DATA TO EXAMINE: Begin
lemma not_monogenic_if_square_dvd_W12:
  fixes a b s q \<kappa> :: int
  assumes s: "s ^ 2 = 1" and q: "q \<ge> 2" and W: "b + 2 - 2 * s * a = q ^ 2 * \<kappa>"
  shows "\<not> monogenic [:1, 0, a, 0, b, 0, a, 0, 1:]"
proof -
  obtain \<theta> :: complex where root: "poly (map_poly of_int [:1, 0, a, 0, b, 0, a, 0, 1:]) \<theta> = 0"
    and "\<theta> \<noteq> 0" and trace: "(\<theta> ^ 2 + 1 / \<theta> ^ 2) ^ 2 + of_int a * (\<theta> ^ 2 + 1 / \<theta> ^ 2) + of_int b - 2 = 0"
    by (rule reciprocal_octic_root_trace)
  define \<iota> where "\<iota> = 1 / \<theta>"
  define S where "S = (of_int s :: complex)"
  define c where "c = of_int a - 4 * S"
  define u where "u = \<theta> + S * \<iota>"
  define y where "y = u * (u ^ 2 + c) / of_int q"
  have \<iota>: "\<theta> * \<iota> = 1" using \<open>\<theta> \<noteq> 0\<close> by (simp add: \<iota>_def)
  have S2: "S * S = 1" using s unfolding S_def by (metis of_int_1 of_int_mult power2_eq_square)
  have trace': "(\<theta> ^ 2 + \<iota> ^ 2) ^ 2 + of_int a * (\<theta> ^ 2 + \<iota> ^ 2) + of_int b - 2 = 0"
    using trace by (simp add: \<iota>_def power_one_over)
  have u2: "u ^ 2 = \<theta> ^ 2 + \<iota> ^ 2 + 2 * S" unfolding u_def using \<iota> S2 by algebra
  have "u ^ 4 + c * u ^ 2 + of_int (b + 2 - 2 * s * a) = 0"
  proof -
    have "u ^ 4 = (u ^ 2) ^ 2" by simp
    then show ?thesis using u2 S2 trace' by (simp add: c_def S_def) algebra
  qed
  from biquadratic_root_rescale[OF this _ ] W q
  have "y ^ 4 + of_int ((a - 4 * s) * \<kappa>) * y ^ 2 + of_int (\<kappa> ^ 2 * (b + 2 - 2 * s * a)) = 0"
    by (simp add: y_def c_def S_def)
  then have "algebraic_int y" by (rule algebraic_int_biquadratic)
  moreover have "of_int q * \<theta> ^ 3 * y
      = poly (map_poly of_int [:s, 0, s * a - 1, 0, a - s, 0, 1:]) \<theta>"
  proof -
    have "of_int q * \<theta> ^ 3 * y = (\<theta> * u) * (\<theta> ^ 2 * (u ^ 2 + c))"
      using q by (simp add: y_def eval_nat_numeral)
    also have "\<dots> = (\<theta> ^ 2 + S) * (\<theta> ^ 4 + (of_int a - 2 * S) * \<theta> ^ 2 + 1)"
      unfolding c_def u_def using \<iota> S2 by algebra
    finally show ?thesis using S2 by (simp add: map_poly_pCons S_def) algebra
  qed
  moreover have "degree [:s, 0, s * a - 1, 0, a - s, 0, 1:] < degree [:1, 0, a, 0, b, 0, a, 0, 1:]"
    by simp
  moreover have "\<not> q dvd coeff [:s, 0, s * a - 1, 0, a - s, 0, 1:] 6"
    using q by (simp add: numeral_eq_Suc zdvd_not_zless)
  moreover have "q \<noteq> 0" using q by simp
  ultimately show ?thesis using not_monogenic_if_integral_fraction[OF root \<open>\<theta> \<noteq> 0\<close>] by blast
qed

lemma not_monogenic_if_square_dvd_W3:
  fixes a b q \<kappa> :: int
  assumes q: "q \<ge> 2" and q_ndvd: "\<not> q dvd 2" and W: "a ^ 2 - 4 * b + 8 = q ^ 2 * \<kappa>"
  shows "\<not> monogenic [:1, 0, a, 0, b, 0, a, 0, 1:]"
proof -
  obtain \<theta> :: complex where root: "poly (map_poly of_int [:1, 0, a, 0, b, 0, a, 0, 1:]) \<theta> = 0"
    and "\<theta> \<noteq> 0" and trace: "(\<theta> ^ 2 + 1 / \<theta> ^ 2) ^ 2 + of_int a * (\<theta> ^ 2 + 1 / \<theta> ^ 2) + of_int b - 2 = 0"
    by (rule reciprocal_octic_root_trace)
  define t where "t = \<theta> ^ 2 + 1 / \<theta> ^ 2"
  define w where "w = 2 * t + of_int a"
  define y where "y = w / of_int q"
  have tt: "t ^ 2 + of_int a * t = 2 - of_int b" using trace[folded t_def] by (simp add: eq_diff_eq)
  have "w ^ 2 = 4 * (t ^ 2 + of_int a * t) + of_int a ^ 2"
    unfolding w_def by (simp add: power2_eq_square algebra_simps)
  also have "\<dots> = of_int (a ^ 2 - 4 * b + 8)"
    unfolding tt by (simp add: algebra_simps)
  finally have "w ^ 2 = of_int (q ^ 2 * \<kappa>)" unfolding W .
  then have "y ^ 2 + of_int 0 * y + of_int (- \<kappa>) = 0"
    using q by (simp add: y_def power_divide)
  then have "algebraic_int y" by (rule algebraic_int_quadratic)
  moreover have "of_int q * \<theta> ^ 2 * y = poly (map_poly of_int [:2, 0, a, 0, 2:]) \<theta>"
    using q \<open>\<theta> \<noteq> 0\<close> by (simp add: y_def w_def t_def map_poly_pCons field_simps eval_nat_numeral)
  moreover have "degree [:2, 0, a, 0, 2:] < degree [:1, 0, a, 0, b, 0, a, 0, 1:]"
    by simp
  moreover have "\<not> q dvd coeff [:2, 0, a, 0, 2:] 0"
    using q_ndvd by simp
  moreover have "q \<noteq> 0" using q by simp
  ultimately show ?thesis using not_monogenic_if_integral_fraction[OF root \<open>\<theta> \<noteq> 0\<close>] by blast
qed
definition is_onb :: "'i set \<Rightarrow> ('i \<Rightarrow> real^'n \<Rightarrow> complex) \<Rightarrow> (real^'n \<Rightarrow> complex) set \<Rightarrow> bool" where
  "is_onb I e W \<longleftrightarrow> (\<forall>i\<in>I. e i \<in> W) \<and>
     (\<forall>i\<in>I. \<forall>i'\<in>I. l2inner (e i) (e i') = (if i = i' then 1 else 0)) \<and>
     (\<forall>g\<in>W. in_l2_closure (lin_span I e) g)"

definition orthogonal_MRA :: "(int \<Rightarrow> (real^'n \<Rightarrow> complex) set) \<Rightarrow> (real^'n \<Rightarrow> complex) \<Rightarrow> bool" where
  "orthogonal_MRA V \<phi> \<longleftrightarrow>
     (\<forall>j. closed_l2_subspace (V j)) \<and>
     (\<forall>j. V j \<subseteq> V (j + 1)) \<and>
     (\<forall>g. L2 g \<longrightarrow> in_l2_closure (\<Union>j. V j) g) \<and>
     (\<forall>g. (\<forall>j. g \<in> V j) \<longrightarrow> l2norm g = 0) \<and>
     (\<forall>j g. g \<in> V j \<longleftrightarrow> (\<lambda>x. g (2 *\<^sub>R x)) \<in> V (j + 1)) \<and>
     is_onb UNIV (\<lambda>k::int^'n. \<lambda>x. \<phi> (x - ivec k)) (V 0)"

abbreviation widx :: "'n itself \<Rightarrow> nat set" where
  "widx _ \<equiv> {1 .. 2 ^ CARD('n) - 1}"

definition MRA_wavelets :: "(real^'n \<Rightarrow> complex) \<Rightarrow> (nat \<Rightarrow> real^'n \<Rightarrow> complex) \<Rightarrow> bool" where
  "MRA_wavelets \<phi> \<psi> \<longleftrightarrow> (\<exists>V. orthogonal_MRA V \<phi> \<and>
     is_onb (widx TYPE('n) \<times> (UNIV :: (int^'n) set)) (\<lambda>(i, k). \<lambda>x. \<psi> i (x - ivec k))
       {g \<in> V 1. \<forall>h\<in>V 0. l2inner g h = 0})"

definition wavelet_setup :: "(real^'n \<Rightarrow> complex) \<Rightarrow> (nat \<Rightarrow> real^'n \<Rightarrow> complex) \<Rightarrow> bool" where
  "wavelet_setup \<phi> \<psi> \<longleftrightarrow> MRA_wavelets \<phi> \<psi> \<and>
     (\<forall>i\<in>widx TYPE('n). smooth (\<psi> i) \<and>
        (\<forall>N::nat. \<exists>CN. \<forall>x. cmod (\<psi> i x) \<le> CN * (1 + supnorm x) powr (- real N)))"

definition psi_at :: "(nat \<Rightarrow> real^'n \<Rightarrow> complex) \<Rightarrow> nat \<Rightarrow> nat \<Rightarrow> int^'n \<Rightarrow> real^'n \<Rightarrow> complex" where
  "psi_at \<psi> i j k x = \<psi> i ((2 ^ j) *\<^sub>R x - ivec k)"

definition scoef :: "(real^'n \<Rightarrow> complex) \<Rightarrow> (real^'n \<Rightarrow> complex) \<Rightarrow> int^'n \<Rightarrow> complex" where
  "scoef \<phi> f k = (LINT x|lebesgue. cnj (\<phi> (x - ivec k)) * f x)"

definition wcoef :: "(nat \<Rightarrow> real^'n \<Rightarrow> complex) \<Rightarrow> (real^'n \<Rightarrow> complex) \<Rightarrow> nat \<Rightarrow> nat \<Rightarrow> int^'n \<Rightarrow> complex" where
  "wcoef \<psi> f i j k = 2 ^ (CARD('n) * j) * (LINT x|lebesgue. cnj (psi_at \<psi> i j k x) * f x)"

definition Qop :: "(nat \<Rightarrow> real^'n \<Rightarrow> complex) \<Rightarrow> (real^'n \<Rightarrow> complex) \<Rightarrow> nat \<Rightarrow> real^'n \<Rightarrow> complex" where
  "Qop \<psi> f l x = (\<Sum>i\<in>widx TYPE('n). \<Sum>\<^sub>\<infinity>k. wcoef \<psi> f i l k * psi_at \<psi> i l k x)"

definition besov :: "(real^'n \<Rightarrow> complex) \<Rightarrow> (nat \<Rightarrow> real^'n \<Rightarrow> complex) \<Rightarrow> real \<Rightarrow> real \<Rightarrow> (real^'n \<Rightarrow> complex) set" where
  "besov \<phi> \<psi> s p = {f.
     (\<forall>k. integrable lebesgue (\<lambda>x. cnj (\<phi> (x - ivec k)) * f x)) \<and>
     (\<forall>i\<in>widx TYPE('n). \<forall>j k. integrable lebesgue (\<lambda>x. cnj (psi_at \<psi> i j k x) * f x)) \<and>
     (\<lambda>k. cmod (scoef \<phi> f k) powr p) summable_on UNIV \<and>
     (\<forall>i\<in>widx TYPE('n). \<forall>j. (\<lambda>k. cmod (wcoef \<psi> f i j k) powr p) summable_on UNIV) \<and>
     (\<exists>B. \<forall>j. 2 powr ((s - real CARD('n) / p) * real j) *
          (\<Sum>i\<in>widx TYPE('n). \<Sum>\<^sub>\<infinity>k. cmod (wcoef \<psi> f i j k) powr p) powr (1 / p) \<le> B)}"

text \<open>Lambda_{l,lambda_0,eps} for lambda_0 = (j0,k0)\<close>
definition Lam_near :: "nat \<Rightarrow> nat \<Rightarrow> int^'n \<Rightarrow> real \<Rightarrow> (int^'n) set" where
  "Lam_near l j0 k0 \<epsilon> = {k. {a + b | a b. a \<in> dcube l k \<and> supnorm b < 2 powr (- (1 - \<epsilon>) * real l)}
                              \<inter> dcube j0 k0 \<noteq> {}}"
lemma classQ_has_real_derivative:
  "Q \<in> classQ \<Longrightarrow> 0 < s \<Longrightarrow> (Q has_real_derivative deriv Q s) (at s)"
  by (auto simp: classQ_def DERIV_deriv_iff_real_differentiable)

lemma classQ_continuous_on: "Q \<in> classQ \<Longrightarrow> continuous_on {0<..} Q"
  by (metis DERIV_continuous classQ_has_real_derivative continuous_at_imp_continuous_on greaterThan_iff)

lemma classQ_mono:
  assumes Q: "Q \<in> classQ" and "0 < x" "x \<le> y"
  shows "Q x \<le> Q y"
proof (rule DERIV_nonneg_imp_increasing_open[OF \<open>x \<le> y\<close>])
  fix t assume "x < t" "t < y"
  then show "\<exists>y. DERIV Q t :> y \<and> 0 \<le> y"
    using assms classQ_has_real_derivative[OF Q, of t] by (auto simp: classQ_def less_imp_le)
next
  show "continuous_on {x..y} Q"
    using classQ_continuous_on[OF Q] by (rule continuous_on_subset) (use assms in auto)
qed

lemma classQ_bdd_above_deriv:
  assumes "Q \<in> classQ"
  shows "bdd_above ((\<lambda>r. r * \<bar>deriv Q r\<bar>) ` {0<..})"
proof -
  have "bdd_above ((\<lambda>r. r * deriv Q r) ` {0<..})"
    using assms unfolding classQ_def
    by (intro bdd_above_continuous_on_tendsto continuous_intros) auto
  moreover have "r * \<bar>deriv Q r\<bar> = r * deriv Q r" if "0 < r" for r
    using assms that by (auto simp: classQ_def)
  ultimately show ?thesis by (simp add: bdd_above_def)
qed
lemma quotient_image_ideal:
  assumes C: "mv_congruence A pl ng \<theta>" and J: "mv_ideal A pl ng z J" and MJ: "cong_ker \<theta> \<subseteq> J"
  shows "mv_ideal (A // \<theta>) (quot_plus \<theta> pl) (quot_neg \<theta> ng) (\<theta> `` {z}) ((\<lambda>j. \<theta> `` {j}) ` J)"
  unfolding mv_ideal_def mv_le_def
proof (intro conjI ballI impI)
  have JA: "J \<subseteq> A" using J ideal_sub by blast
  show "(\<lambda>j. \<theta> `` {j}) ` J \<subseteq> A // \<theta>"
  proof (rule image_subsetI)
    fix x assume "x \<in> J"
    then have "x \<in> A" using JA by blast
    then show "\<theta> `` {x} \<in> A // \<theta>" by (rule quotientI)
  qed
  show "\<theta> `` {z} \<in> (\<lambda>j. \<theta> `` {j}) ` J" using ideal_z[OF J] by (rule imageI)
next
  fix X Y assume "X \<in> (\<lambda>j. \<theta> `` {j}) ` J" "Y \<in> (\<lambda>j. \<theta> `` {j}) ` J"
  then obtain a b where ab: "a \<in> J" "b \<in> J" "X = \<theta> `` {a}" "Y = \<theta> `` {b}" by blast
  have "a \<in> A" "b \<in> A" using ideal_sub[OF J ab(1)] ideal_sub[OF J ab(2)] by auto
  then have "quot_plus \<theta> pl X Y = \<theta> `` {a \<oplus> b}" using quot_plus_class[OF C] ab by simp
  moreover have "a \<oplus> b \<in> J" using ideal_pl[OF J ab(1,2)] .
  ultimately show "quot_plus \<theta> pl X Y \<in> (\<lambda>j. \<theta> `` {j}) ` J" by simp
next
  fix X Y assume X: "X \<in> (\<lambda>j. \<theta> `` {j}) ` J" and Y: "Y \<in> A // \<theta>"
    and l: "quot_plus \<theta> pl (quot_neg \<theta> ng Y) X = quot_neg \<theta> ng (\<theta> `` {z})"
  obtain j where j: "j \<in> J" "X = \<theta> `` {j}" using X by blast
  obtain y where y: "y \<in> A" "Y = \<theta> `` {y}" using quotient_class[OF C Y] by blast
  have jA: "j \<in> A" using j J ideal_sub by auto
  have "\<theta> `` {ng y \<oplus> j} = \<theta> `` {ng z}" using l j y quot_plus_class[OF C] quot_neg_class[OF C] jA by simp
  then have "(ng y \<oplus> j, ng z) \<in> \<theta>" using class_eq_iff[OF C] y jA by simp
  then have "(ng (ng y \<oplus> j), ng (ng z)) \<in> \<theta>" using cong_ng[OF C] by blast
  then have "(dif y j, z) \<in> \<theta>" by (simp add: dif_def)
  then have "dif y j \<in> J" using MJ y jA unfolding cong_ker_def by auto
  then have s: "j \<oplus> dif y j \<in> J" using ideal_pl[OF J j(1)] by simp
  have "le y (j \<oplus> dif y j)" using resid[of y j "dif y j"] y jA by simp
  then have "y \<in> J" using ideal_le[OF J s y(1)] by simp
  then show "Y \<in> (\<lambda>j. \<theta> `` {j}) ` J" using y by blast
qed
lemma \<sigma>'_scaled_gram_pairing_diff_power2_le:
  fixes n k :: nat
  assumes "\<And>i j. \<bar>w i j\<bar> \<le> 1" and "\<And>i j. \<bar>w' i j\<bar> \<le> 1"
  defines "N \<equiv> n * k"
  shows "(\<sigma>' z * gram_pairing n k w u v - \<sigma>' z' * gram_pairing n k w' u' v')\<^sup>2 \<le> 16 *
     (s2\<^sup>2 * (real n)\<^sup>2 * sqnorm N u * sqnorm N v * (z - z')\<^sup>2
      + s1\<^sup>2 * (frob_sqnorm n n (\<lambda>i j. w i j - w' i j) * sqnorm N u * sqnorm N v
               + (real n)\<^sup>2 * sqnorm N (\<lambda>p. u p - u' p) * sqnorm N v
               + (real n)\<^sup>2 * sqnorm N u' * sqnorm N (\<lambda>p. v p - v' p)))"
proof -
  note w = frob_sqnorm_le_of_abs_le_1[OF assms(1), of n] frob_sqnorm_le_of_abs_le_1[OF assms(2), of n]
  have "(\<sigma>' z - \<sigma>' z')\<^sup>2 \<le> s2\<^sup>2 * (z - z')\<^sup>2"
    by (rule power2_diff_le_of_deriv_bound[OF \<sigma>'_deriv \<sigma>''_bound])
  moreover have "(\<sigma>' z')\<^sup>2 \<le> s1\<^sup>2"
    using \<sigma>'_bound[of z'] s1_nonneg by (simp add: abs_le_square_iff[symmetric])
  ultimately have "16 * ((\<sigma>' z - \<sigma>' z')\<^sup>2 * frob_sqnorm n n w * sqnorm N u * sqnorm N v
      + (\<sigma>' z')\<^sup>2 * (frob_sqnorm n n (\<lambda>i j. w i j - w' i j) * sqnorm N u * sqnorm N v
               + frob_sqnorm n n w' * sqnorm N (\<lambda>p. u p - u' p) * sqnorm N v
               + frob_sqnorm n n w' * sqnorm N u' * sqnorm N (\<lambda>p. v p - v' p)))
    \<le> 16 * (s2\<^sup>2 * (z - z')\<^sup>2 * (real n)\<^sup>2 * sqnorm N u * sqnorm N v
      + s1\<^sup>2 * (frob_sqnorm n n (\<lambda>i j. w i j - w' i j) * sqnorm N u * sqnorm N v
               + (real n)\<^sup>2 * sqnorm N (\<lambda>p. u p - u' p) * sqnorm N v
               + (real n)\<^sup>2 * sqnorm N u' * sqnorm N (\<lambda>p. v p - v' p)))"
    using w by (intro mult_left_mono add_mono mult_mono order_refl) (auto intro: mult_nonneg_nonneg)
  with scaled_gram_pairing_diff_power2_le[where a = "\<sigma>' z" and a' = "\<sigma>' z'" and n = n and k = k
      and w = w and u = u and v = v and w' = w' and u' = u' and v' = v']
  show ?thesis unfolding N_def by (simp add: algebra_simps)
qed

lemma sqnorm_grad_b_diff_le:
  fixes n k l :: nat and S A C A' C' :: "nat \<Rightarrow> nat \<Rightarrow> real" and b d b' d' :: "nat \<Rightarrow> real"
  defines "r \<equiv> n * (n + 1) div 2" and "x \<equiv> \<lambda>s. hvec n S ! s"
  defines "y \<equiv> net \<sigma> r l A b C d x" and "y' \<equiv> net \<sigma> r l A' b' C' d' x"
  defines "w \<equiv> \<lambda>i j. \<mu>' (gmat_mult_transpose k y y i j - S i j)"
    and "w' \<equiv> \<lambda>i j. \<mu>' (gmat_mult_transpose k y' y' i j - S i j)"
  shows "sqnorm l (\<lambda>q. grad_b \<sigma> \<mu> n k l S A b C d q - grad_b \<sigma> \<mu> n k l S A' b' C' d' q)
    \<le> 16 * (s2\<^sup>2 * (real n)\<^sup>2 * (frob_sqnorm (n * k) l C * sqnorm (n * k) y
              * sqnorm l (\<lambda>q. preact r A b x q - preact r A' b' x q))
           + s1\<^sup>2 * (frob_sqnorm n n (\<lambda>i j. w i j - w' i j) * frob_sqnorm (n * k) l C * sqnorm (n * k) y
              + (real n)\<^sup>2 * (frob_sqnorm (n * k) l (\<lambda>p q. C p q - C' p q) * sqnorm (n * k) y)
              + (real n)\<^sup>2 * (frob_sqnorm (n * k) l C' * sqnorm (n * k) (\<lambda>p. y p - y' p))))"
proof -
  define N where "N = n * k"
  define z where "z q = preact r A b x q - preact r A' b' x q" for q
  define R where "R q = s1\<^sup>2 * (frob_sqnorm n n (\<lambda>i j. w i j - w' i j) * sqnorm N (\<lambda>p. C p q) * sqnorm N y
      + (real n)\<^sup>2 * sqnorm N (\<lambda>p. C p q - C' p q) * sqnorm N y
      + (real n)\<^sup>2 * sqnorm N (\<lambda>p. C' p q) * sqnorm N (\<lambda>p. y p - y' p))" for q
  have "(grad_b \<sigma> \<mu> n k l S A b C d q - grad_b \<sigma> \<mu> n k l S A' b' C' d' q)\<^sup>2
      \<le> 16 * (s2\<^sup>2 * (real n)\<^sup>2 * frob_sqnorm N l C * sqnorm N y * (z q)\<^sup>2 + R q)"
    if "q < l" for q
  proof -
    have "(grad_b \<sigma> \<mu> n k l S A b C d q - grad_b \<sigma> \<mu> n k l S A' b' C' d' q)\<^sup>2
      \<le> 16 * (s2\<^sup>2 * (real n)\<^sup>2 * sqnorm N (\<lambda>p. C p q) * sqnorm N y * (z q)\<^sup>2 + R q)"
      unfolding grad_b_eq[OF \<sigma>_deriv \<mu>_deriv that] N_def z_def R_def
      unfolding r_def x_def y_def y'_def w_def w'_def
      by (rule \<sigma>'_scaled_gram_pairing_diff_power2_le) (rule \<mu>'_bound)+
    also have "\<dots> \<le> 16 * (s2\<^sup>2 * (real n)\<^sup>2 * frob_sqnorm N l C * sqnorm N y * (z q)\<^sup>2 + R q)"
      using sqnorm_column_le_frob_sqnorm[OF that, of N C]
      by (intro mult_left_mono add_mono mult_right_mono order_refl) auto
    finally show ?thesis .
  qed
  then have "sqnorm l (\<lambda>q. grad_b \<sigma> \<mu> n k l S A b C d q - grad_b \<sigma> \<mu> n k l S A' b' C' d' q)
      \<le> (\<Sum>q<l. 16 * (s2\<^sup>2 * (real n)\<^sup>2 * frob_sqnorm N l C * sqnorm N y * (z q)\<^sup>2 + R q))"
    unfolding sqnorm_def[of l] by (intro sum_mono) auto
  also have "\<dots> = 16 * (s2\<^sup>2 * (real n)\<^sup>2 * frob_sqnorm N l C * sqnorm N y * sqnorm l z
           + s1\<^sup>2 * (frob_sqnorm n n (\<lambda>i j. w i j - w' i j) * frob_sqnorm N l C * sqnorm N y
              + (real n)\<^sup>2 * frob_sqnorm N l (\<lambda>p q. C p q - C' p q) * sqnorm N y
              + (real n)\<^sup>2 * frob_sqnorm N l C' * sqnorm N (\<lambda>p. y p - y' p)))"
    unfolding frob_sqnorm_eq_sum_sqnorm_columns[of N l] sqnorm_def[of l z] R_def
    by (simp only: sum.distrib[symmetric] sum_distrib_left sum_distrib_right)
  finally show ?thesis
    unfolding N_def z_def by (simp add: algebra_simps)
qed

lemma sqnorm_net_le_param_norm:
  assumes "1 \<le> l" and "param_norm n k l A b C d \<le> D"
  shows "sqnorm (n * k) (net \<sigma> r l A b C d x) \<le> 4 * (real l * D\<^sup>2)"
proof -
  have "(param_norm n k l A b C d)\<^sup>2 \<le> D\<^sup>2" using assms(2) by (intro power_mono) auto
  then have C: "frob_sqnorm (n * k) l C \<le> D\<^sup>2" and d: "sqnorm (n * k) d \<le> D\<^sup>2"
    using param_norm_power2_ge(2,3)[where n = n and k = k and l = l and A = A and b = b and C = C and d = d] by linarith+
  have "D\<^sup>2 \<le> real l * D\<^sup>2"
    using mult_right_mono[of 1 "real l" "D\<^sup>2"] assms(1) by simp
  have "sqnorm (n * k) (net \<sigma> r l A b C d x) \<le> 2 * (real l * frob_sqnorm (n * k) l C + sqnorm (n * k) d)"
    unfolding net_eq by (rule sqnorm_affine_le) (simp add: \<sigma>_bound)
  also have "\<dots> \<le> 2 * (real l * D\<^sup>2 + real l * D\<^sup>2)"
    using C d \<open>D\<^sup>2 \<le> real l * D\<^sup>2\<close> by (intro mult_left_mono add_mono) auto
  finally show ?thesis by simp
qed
DATA TO EXAMINE: End
PROBLEM TO SOLVE: Everything from the line containing "1:] < degree" through the line containing "using q by (simp add: y_def power_divide)" in the material above should be retyped exactly, both ends included, and nothing more.

RESPONSE:
  moreover have "degree [:s, 0, s * a - 1, 0, a - s, 0, 1:] < degree [:1, 0, a, 0, b, 0, a, 0, 1:]"
    by simp
  moreover have "\<not> q dvd coeff [:s, 0, s * a - 1, 0, a - s, 0, 1:] 6"
    using q by (simp add: numeral_eq_Suc zdvd_not_zless)
  moreover have "q \<noteq> 0" using q by simp
  ultimately show ?thesis using not_monogenic_if_integral_fraction[OF root \<open>\<theta> \<noteq> 0\<close>] by blast
qed

lemma not_monogenic_if_square_dvd_W3:
  fixes a b q \<kappa> :: int
  assumes q: "q \<ge> 2" and q_ndvd: "\<not> q dvd 2" and W: "a ^ 2 - 4 * b + 8 = q ^ 2 * \<kappa>"
  shows "\<not> monogenic [:1, 0, a, 0, b, 0, a, 0, 1:]"
proof -
  obtain \<theta> :: complex where root: "poly (map_poly of_int [:1, 0, a, 0, b, 0, a, 0, 1:]) \<theta> = 0"
    and "\<theta> \<noteq> 0" and trace: "(\<theta> ^ 2 + 1 / \<theta> ^ 2) ^ 2 + of_int a * (\<theta> ^ 2 + 1 / \<theta> ^ 2) + of_int b - 2 = 0"
    by (rule reciprocal_octic_root_trace)
  define t where "t = \<theta> ^ 2 + 1 / \<theta> ^ 2"
  define w where "w = 2 * t + of_int a"
  define y where "y = w / of_int q"
  have tt: "t ^ 2 + of_int a * t = 2 - of_int b" using trace[folded t_def] by (simp add: eq_diff_eq)
  have "w ^ 2 = 4 * (t ^ 2 + of_int a * t) + of_int a ^ 2"
    unfolding w_def by (simp add: power2_eq_square algebra_simps)
  also have "\<dots> = of_int (a ^ 2 - 4 * b + 8)"
    unfolding tt by (simp add: algebra_simps)
  finally have "w ^ 2 = of_int (q ^ 2 * \<kappa>)" unfolding W .
  then have "y ^ 2 + of_int 0 * y + of_int (- \<kappa>) = 0"
    using q by (simp add: y_def power_divide)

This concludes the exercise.